1
votes

I want to create a NetCDF file with xarray and try to understand the documentation on 'Creating a Dataset' here.

Here is the code from the example (with saving the ds to NetCDF):

import xarray as xr
import numpy as np
import pandas as pd

temp = 15 + 8 * np.random.randn(2, 2, 3)
precip = 10 * np.random.rand(2, 2, 3)
lon = [[-99.83, -99.32], [-99.79, -99.23]]
lat = [[42.25, 42.21], [42.63, 42.59]]

ds = xr.Dataset({'temperature': (['x', 'y', 'time'],  temp),
                 'precipitation': (['x', 'y', 'time'], precip)},
                coords={'lon': (['x', 'y'], lon),
                        'lat': (['x', 'y'], lat), 
                        'time': pd.date_range('2014-09-06', periods=3),
                        'reference_time': pd.Timestamp('2014-09-05')})

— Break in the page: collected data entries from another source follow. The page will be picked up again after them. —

(* Let $E$ be a graph, $K$ a field, $c=e_1e_2\cdots e_m$ an exclusive cycle in $E$, and $\mu=c^\infty$. Let $f(x)=1+a_1x+\dots+a_nx^n$ ($n\ge 1$, $a_i\in K$) be an irreducible polynomial in $K[x,x^{-1}]$ and $K'=K[x,x^{-1}]/(f(x))$. Let $V_{[\mu]}^f$ be the Ara–Rangaswamy simple left $L_K(E)$-module described in the context. Then $\mathrm{End}_{L_K(E)}(V_{[\mu]}^f)\cong K'$.
   Context: A graph $E=(E^0,E^1,r,s)$ consists of a vertex set $E^0$, an edge set $E^1$ and range/source maps $r,s:E^1\to E^0$. For a field $F$, the Leavitt path algebra $L_F(E)$ is the free associative $F$-algebra generated by $E^0\cup E^1\cup\{e^*:e\in E^1\}$ subject to: (V) $vv'=\delta_{v,v'}v$ for $v,v'\in E^0$; (E1) $s(e)e=er(e)=e$; (E2) $r(e)e^*=e^*s(e)=e^*$; (CK1) $e^*f=\delta_{e,f}r(e)$ for $e,f\in E^1$; (CK2) $v=\sum_{s(e)=v}ee^*$ for every vertex $v$ emitting a finite nonzero number of edges. A finite path is $e_1\cdots e_n$ with $r(e_i)=s(e_{i+1})$ (vertices are paths of length 0); for a path $\gamma=e_1\cdots e_n$, $\gamma^*=e_n^*\cdots e_1^*$. A cycle is a closed path $e_1\cdots e_n$ ($s(e_1)=r(e_n)$) with $s(e_i)\neq s(e_j)$ for $i\ne j$; it is exclusive if it shares no vertex with any other cycle (other than its own rotations). An infinite path is $e_1e_2\cdots$ with $r(e_i)=s(e_{i+1})$; for $n\ge1$, $\tau_{>n}(e_1e_2\cdots)=e_{n+1}e_{n+2}\cdots$, $\tau_{>0}$ is the identity. Two infinite paths $\mu,\eta$ are tail-equivalent if $\tau_{>m}(\mu)=\tau_{>n}(\eta)$ for some $m,n\ge0$; $[\mu]$ is the class of $\mu$. $V_{[\mu]}$ is the vector space with basis $[\mu]$, a left $L_F(E)$-module via: $v\cdot\eta=\eta$ if $v=s(\eta)$, else $0$; $e\cdot\eta=e\eta$ if $r(e)=s(\eta)$, else $0$; $e^*\cdot\eta=\tau_{>1}(\eta)$ if $\eta=e\eta'$, else $0$. Construction of $V_{[\mu]}^f$: let $\bar x$ be the image of $x$ in the field $K'$; let $\sigma$ be the $K'$-algebra automorphism of $L_{K'}(E)$ fixing all vertices and all $e,e^*$ with $e\neq e_1$, and sending $e_1\mapsto \bar x e_1$, $e_1^*\mapsto \bar x^{-1}e_1^*$. The twisted module $V_{[\mu]}^\sigma$ is $V_{[\mu]}$ (over $L_{K'}(E)$) as a vector space with action $a\cdot m=\sigma(a)m$. $V_{[\mu]}^f$ is $V_{[\mu]}^\sigma$ regarded as an $L_K(E)$-module by restriction of scalars along $L_K(E)\subseteq L_{K'}(E)$; it is a simple $L_K(E)$-module. *)

theory Defs
  imports "HOL-Algebra.Polynomial_Divisibility"
begin

definition is_graph :: "'v set \<Rightarrow> 'e set \<Rightarrow> ('e \<Rightarrow> 'v) \<Rightarrow> ('e \<Rightarrow> 'v) \<Rightarrow> bool" where
  "is_graph E0 E1 r s \<longleftrightarrow> (\<forall>e\<in>E1. r e \<in> E0 \<and> s e \<in> E0)"

text \<open>Infinite paths e_1 e_2 ... are functions nat => edges (index 0 is the first edge).\<close>

definition inf_path :: "'e set \<Rightarrow> ('e \<Rightarrow> 'v) \<Rightarrow> ('e \<Rightarrow> 'v) \<Rightarrow> (nat \<Rightarrow> 'e) \<Rightarrow> bool" where
  "inf_path E1 r s p \<longleftrightarrow> (\<forall>i. p i \<in> E1 \<and> r (p i) = s (p (Suc i)))"

definition tail_from :: "nat \<Rightarrow> (nat \<Rightarrow> 'e) \<Rightarrow> (nat \<Rightarrow> 'e)" where
  "tail_from n p = (\<lambda>i. p (i + n))"

definition cons_path :: "'e \<Rightarrow> (nat \<Rightarrow> 'e) \<Rightarrow> (nat \<Rightarrow> 'e)" where
  "cons_path e p = (\<lambda>i. case i of 0 \<Rightarrow> e | Suc j \<Rightarrow> p j)"

definition tail_equiv :: "(nat \<Rightarrow> 'e) \<Rightarrow> (nat \<Rightarrow> 'e) \<Rightarrow> bool" where
  "tail_equiv p q \<longleftrightarrow> (\<exists>m n. tail_from m p = tail_from n q)"

definition tail_class :: "'e set \<Rightarrow> ('e \<Rightarrow> 'v) \<Rightarrow> ('e \<Rightarrow> 'v) \<Rightarrow> (nat \<Rightarrow> 'e) \<Rightarrow> (nat \<Rightarrow> 'e) set" where
  "tail_class E1 r s mu = {p. inf_path E1 r s p \<and> tail_equiv p mu}"

definition is_cycle :: "'e set \<Rightarrow> ('e \<Rightarrow> 'v) \<Rightarrow> ('e \<Rightarrow> 'v) \<Rightarrow> 'e list \<Rightarrow> bool" where
  "is_cycle E1 r s c \<longleftrightarrow> c \<noteq> [] \<and> set c \<subseteq> E1
     \<and> (\<forall>i. Suc i < length c \<longrightarrow> r (c ! i) = s (c ! Suc i))
     \<and> r (last c) = s (hd c) \<and> distinct (map s c)"

text \<open>Vertices of a (closed) path: its sources (the ranges are sources as well).\<close>

definition cycle_vertices :: "('e \<Rightarrow> 'v) \<Rightarrow> 'e list \<Rightarrow> 'v set" where
  "cycle_vertices s c = s ` set c"

definition exclusive_cycle :: "'e set \<Rightarrow> ('e \<Rightarrow> 'v) \<Rightarrow> ('e \<Rightarrow> 'v) \<Rightarrow> 'e list \<Rightarrow> bool" where
  "exclusive_cycle E1 r s c \<longleftrightarrow> is_cycle E1 r s c \<and>
     (\<forall>d. is_cycle E1 r s d \<and> cycle_vertices s d \<inter> cycle_vertices s c \<noteq> {}
          \<longrightarrow> (\<exists>k. d = rotate k c))"

definition cycle_inf :: "'e list \<Rightarrow> (nat \<Rightarrow> 'e)" where
  "cycle_inf c = (\<lambda>i. c ! (i mod length c))"

text \<open>K' is the rupture field Rupt (carrier R) f = K[X]/(f).  The image of a scalar k of K,
  and the image xbar of the variable x.\<close>

definition Kemb :: "('a, 'b) ring_scheme \<Rightarrow> 'a list \<Rightarrow> 'a \<Rightarrow> 'a list set" where
  "Kemb R f k = (PIdl\<^bsub>poly_ring R\<^esub> f) +>\<^bsub>poly_ring R\<^esub> (ring.poly_of_const R k)"

definition xbar :: "('a, 'b) ring_scheme \<Rightarrow> 'a list \<Rightarrow> 'a list set" where
  "xbar R f = (PIdl\<^bsub>poly_ring R\<^esub> f) +>\<^bsub>poly_ring R\<^esub> X\<^bsub>R\<^esub>"

text \<open>Elements of V^f: finite K'-linear combinations of elements of [mu], i.e. finitely supported
  coefficient functions on infinite paths, supported in [mu].\<close>

definition Vcarrier :: "('k, 'm) ring_scheme \<Rightarrow> (nat \<Rightarrow> 'e) set \<Rightarrow> ((nat \<Rightarrow> 'e) \<Rightarrow> 'k) set" where
  "Vcarrier Kq P = {phi. (\<forall>p. phi p \<in> carrier Kq) \<and> (\<forall>p. p \<notin> P \<longrightarrow> phi p = \<zero>\<^bsub>Kq\<^esub>)
                        \<and> finite {p. phi p \<noteq> \<zero>\<^bsub>Kq\<^esub>}}"

definition vadd :: "('k, 'm) ring_scheme \<Rightarrow> ((nat \<Rightarrow> 'e) \<Rightarrow> 'k) \<Rightarrow> ((nat \<Rightarrow> 'e) \<Rightarrow> 'k) \<Rightarrow> ((nat \<Rightarrow> 'e) \<Rightarrow> 'k)" where
  "vadd Kq phi psi = (\<lambda>p. phi p \<oplus>\<^bsub>Kq\<^esub> psi p)"

definition vzero :: "('k, 'm) ring_scheme \<Rightarrow> ((nat \<Rightarrow> 'e) \<Rightarrow> 'k)" where
  "vzero Kq = (\<lambda>p. \<zero>\<^bsub>Kq\<^esub>)"

definition vsmul :: "('k, 'm) ring_scheme \<Rightarrow> 'k \<Rightarrow> ((nat \<Rightarrow> 'e) \<Rightarrow> 'k) \<Rightarrow> ((nat \<Rightarrow> 'e) \<Rightarrow> 'k)" where
  "vsmul Kq a phi = (\<lambda>p. a \<otimes>\<^bsub>Kq\<^esub> phi p)"

text \<open>Twisted actions of the generators of L_K(E) on V^f (twist sigma: e1 |-> xbar e1,
  e1^* |-> xbar^{-1} e1^*, all other generators fixed), extended K'-linearly from the basis [mu]:
  v . eta = eta if v = s(eta), e . eta = e eta if r(e) = s(eta), e^* . eta = tau_{>1}(eta)
  if eta = e eta'.\<close>

definition act_vertex :: "('k, 'm) ring_scheme \<Rightarrow> ('e \<Rightarrow> 'v) \<Rightarrow> 'v \<Rightarrow> ((nat \<Rightarrow> 'e) \<Rightarrow> 'k) \<Rightarrow> ((nat \<Rightarrow> 'e) \<Rightarrow> 'k)" where
  "act_vertex Kq s v phi = (\<lambda>p. if s (p 0) = v then phi p else \<zero>\<^bsub>Kq\<^esub>)"

definition act_edge :: "('k, 'm) ring_scheme \<Rightarrow> ('e \<Rightarrow> 'v) \<Rightarrow> ('e \<Rightarrow> 'v) \<Rightarrow> 'e \<Rightarrow> 'k \<Rightarrow> 'e
     \<Rightarrow> ((nat \<Rightarrow> 'e) \<Rightarrow> 'k) \<Rightarrow> ((nat \<Rightarrow> 'e) \<Rightarrow> 'k)" where
  "act_edge Kq r s e1 xb e phi =
     (\<lambda>p. if p 0 = e \<and> r e = s (p 1)
          then (if e = e1 then xb else \<one>\<^bsub>Kq\<^esub>) \<otimes>\<^bsub>Kq\<^esub> phi (tail_from 1 p)
          else \<zero>\<^bsub>Kq\<^esub>)"

definition act_ghost :: "('k, 'm) ring_scheme \<Rightarrow> 'e \<Rightarrow> 'k \<Rightarrow> 'e
     \<Rightarrow> ((nat \<Rightarrow> 'e) \<Rightarrow> 'k) \<Rightarrow> ((nat \<Rightarrow> 'e) \<Rightarrow> 'k)" where
  "act_ghost Kq e1 xb e phi =
     (\<lambda>p. (if e = e1 then inv\<^bsub>Kq\<^esub> xb else \<one>\<^bsub>Kq\<^esub>) \<otimes>\<^bsub>Kq\<^esub> phi (cons_path e p))"

text \<open>The data of V^f for the given graph, cycle c = e_1 ... e_m (e_1 = hd c), mu = c^infinity.\<close>

definition Vf_carrier where
  "Vf_carrier R E1 r s c f = Vcarrier (Rupt\<^bsub>R\<^esub> (carrier R) f) (tail_class E1 r s (cycle_inf c))"

text \<open>L_K(E)-module endomorphisms of V^f: maps V^f -> V^f which are additive, K-linear and
  commute with the action of all generators v, e, e^* (v in E0, e in E1) of L_K(E).
  (Since L_K(E) is spanned over K by products of generators, this is exactly
  End_{L_K(E)}(V^f).)  Maps are taken extensional on the carrier.\<close>

definition Vf_End where
  "Vf_End R E0 E1 r s c f =
    (let Kq = Rupt\<^bsub>R\<^esub> (carrier R) f; V = Vf_carrier R E1 r s c f;
         e1 = hd c; xb = xbar R f in
     {h. h \<in> V \<rightarrow> V \<and> h \<in> extensional V
       \<and> (\<forall>phi\<in>V. \<forall>psi\<in>V. h (vadd Kq phi psi) = vadd Kq (h phi) (h psi))
       \<and> (\<forall>k\<in>carrier R. \<forall>phi\<in>V. h (vsmul Kq (Kemb R f k) phi) = vsmul Kq (Kemb R f k) (h phi))
       \<and> (\<forall>v\<in>E0. \<forall>phi\<in>V. h (act_vertex Kq s v phi) = act_vertex Kq s v (h phi))
       \<and> (\<forall>e\<in>E1. \<forall>phi\<in>V. h (act_edge Kq r s e1 xb e phi) = act_edge Kq r s e1 xb e (h phi))
       \<and> (\<forall>e\<in>E1. \<forall>phi\<in>V. h (act_ghost Kq e1 xb e phi) = act_ghost Kq e1 xb e (h phi))})"

definition Vf_End_ring where
  "Vf_End_ring R E0 E1 r s c f =
    (let Kq = Rupt\<^bsub>R\<^esub> (carrier R) f; V = Vf_carrier R E1 r s c f in
     \<lparr>carrier = Vf_End R E0 E1 r s c f,
      mult = (\<lambda>g h. compose V g h),
      one = (\<lambda>phi\<in>V. phi),
      zero = (\<lambda>phi\<in>V. vzero Kq),
      add = (\<lambda>g h. \<lambda>phi\<in>V. vadd Kq (g phi) (h phi))\<rparr>)"

end

(* Let h be an endomorphism of V^f. Since h commutes with the idempotents gamma gamma^* for
   the prefixes gamma of mu, the mu-coordinate of h psi depends only on the mu-coordinate of psi;
   this gives an additive map F(a) = (h (a mu))_mu on K'. F commutes with the scalars from K, and
   with xbar^-1 because the ghost path c^* sends a mu to xbar^-1 a mu (e_1 occurs once in c).
   Since K' is generated as a ring by K and xbar, F(a) = a F(1). Every path of [mu] reaches mu
   along a ghost path, so h is multiplication by F(1), and h |-> F(1) is the isomorphism. *)

theory Submission
  imports Defs "HOL-Algebra.Generated_Rings"
begin

section \<open>Infinite paths\<close>

lemma tail_from_tail_from [simp]: "tail_from m (tail_from n p) = tail_from (m + n) p"
  by (simp add: tail_from_def add.assoc)

lemma tail_from_0 [simp]: "tail_from 0 p = p"
  by (simp add: tail_from_def)

lemma tail_from_Suc_cons_path [simp]: "tail_from (Suc m) (cons_path e p) = tail_from m p"
  by (simp add: tail_from_def cons_path_def)

lemma tail_from_1_cons_path [simp]: "tail_from 1 (cons_path e p) = p"
  using tail_from_Suc_cons_path[of 0] by simp

lemma cons_path_tail_from: "p 0 = e \<Longrightarrow> cons_path e (tail_from 1 p) = p"
  by (auto simp add: tail_from_def cons_path_def fun_eq_iff split: nat.split)

lemma cons_path_tail_from_Suc: "cons_path (p N) (tail_from (Suc N) p) = tail_from N p"
  by (auto simp: fun_eq_iff cons_path_def tail_from_def split: nat.split)

lemma cycle_inf_period: "cycle_inf c (i + length c * n) = cycle_inf c i"
  by (simp add: cycle_inf_def)

lemma tail_from_cycle_inf: "tail_from (length c * n) (cycle_inf c) = cycle_inf c"
  by (simp add: tail_from_def fun_eq_iff cycle_inf_period)

lemma inf_path_cycle_inf:
  assumes "is_cycle E1 r s c"
  shows "inf_path E1 r s (cycle_inf c)"
  unfolding inf_path_def cycle_inf_def
proof
  fix i
  let ?L = "length c"
  have L: "0 < ?L" using assms by (simp add: is_cycle_def)
  have "c ! (i mod ?L) \<in> set c" using L by simp
  then have edge: "c ! (i mod ?L) \<in> E1" using assms by (auto simp: is_cycle_def)
  have "r (c ! (i mod ?L)) = s (c ! (Suc i mod ?L))"
  proof (cases "Suc (i mod ?L) = ?L")
    case True
    then have "Suc i mod ?L = 0" by (simp add: mod_Suc)
    moreover have "c ! (i mod ?L) = last c" using True L
      by (metis diff_Suc_1 is_cycle_def assms last_conv_nth)
    moreover have "c ! 0 = hd c" using L by (simp add: hd_conv_nth)
    ultimately show ?thesis using assms by (simp add: is_cycle_def)
  next
    case False
    then have "Suc i mod ?L = Suc (i mod ?L)" by (simp add: mod_Suc)
    moreover have "Suc (i mod ?L) < ?L" using False L
      by (metis Suc_lessI mod_less_divisor)
    ultimately show ?thesis using assms by (simp add: is_cycle_def)
  qed
  with edge show "c ! (i mod ?L) \<in> E1 \<and> r (c ! (i mod ?L)) = s (c ! (Suc i mod ?L))" by simp
qed

lemma cycle_inf_in_tail_class:
  "is_cycle E1 r s c \<Longrightarrow> cycle_inf c \<in> tail_class E1 r s (cycle_inf c)"
  using inf_path_cycle_inf by (auto simp: tail_class_def tail_equiv_def)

ds.to_netcdf('C:\\Temp\\test.nc')

From the example above I would expect to get a NetCDF with two variables (temperature, precipitation) with three dimensions (x, y, time). I expect the dimension sizes to be 2 in x-direction, 2 in y direction and 3 in time direction. According to @Bart's test (comments), this is the case for the NetCDF. So, when opening the NetCDF 'temp' or 'precip' variable in QGIS 3.4 (EPSG 4326), I would expect the NetCDF data is:

  • made of a 2x2 grid ('x-y' direction)
  • with 3 time steps ('time' or 'z'-direction)
  • located at the latitude longitude used for creating the Dataset

Instead the data is:

  • made of a 2x3 grid
  • with 2 bands (instead of the three time steps)
  • located at lat/lon 0/0 and each cell is 1 degree large:

Please find the visualization of the NetCDF here. The red squares mark the six cells in blue shades of the temperature variable, the lat/lon of the upper left point (0/0) and the two 'bands'

Hence, it seems the xarray NetCDF data format is different to the QGIS interpretation of that format. Can someone edit the example so that it produces a 2x2 grid in the 'correct' location in QGIS or provide / point me to a simple example to create a correctly georeferenced NetCDF from an xarray dataset?

1
I don't understand what you mean with the "2x3 grid", " with 2 bands", "with 3 time dimensions", ... You only create 1 time dimension, why would you expect 3? You create variables with 3 dimensions (x, y, time), why would you expect to get a "2x2 grid"? Can you describe how your resulting NetCDF file should look like in terms of variables, dimensions and dimension sizes?Bart
Sorry, my usage of 'dimension' was not correct. I edited the question. Indeed, I expect only one time dimension, but with three time steps ('time': pd.date_range('2014-09-06', periods=3). I expect a "2x2 grid" because 'temp' is created through np.random.randn(2, 2, 3) and the xr.Dataset is created through 'temperature': (['x', 'y', 'time'], temp). So, I expect 'x' to relate to '2', 'y' to '2' and 'time' to '3'.openwater
I'm sorry, but I still don't understand. From your question: "From the example above I would expect to get a NetCDF with two variables (temperature, precipitation) with three dimensions (x, y, time). I expect the dimension sizes to be 2 in x-direction, 2 in y direction and 3 in time direction."; if I run your code, I get exactly that, with the variables on the lat/lon coordinates that you specify...?Bart
An ncdump of the resulting NetCDF file: pastebin.com/wDRN9UB1Bart
Thanks @Bart. Would upvote your comments, but can't due to lack of reputation.openwater

1 Answers

0
votes

I had to swap the order of the dimensions and I had to get rid of the nested lat lon list for it to work. Modifying the xarray example to this code here works:

import xarray as xr
import numpy as np
import pandas as pd

temp = 15 + 8 * np.random.randn(3, 3, 2)  # time, y, x
precip = 10 * np.random.rand(3, 3, 2)  # time, y, x
lat = [100, 101, 102]
lon = [10, 11]

ds = xr.Dataset({'temperature': (['time', 'y', 'x'],  temp),
                 'precipitation': (['time', 'y', 'x'], precip)},
                coords={'x': (['x'], lon),
                        'y': (['y'], lat),
                        'time': pd.date_range('2014-09-06', periods=3)})

ds.to_netcdf('C:\\Temp\\test_xarray.nc')

Please note that I changed the "2x2 grid" as requested from my question to "2x3 grid" to make sure the order of x-y in creating the NetCDF matters.